The UK's culture minister Kim Howells is shooting his mouth off again, this time at Robbie Williams:

Culture minister Kim Howells condemned Robbie Williams today, accusing him of supporting drug and prostitution rackets by saying internet piracy was "great".
Howells said he was "appalled" at the chart-topping star's comments which amounted to "defending theft".
Williams - whose album Escapology was last year's biggest seller in the UK - made his remarks at a music conference in Cannes.
He is reported to have said of internet piracy: "I think it's great, really I do. There is nothing anyone can do about it."

Howells is already on record as having described last year's Turner Prize entrants as "cold, mechanical, conceptual bullshit", and as disliking the Royal Family and British film makers. He's more recently notorious, though, for claiming the rise of hip hop culture in Britain, especially in the form of a 30-member garage group from London called So Solid Crew, was responsible for the shooting deaths of two teenage girls (this Grauniad article amusingly reels off a list of other things popular music should be indicted for while he's at it). The case against Howells on this point is made here:

But last night Conor McNicholas, editor of the music magazine NME, described the minister's outburst as "deeply racist".
"He doesn't understand the culture. It is this idea again that we have to do something about these out-of-control black people in our streets and the nasty culture they are perpetuating," he said.

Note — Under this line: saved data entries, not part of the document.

(* Assume $\Theta_0\neq\emptyset$. For a menu $\mathcal{F}\subseteq\bar{\mathcal{F}}$ (for which the standing attainment assumption holds), the equality $$\inf_{Q} U(Q,\mathcal{F}) \;=\; \sup_{\mathcal{F}'\subseteq\bar{\mathcal{F}}}\ \inf_{Q} U(Q,\mathcal{F}')$$ (maximin optimality; infima over all probability distributions $Q$ on $\Theta$, suprema over menus $\mathcal{F}'\subseteq\bar{\mathcal{F}}$ satisfying the attainment assumption) holds if and only if the menu $\mathcal{F}$ is incentive-aligned.
   Context: Let $\Theta$ be a set of types partitioned as $\Theta=\Theta_0\sqcup\Theta_1$ (null and nonnull types), and let $(P_\theta)_{\theta\in\Theta}$ be probability distributions on a measurable space $\mathcal{Z}$; $\mathbb{E}_\theta$ denotes expectation with $Z\sim P_\theta$. Fix a cost $C>0$. Fix an ambient class $\bar{\mathcal{F}}$ of measurable functions $f:\mathcal{Z}\to[0,\infty)$ ("license functions") with $\mathbb{E}_\theta[f(Z)]<\infty$ for all $\theta$. A menu is a subset $\mathcal{F}\subseteq\bar{\mathcal{F}}$; it is assumed (attainment assumption) that for every $\theta$, $\sup_{f\in\mathcal{F}}\mathbb{E}_\theta[f(Z)]$ is attained when $\mathcal{F}\ne\emptyset$. Agent behavior: an agent of type $\theta$ offered $\mathcal{F}$ opts in ($I=1$) iff $\mathcal{F}\neq\emptyset$ and $\max_{f\in\mathcal{F}}\mathbb{E}_\theta[f(Z)]>C$, in which case it selects some maximizer $f^{\mathrm{br}}(\cdot;\theta,\mathcal{F})\in\arg\max_{f\in\mathcal{F}}\mathbb{E}_\theta[f(Z)]$; otherwise it opts out ($I=0$). The realized license is $L=f^{\mathrm{br}}(Z;\theta,\mathcal{F})$ with $Z\sim P_\theta$. The principal's utility is a function $u:\Theta\times[0,\infty)\to\mathbb{R}$ such that: for $\theta\in\Theta_1$, $u(\theta,\cdot)$ is nondecreasing and $0\le u(\theta,L)\le a_1$ for some constant $a_1<\infty$; for $\theta\in\Theta_0$, $u(\theta,\cdot)$ is nonincreasing, $u(\theta,0)\le 0$ and $u(\theta,L)<0$ for all $L>0$. For a probability distribution $Q$ on $\Theta$, the principal's expected utility is $U(Q,\mathcal{F})=\mathbb{E}_{\theta\sim Q}\big[\mathbb{E}_{Z\sim P_\theta}[u(\theta,L)\cdot I\mid\theta]\big]$ (measurability assumed as needed). A menu $\mathcal{F}$ is incentive-aligned if $\mathbb{E}_\theta[f(Z)]\le C$ for all $\theta\in\Theta_0$ and all $f\in\mathcal{F}$. *)

theory Defs
  imports "HOL-Probability.Probability"
begin

text \<open>Types are the elements of the type 'th; the null types are those satisfying
  the predicate null (Theta_0), the nonnull ones the rest (Theta_1).
  P th is the distribution of Z for type th. A license function is a
  function 'z => real; a menu is a set of license functions.
  br F th is the agent's selected maximizer (best response) f^br(.;th,F).\<close>

definition attains :: "('th \<Rightarrow> 'z measure) \<Rightarrow> ('z \<Rightarrow> real) set \<Rightarrow> bool" where
  "attains P F \<longleftrightarrow>
     (F \<noteq> {} \<longrightarrow> (\<forall>th. \<exists>f\<in>F. \<forall>g\<in>F. (\<integral>z. g z \<partial>P th) \<le> (\<integral>z. f z \<partial>P th)))"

What does Kim have to say for himself? Well, if this article's anything to go by, he evidently thinks he was once a dangerous man:

What did he think of Gillian Wearing's "Fuck Cilla Black" G2 cover last week? "A mistake." And what about having his tender sensibilities protected by a customised warning on the front page of the main paper? "I start reading from the back, so I never saw that warning. I go to the sport. I thought it was a grotesque, old-Guardian-style spelling mistake.
"I was a much more radical artist at Hornsey College of Art in the 60s than these British artists today. I once did a litho with Father Christmas cowering in front of a sign that said, 'Bugger off, Santa.' It was very popular. I did that sort of stuff long before Gillian Wearing."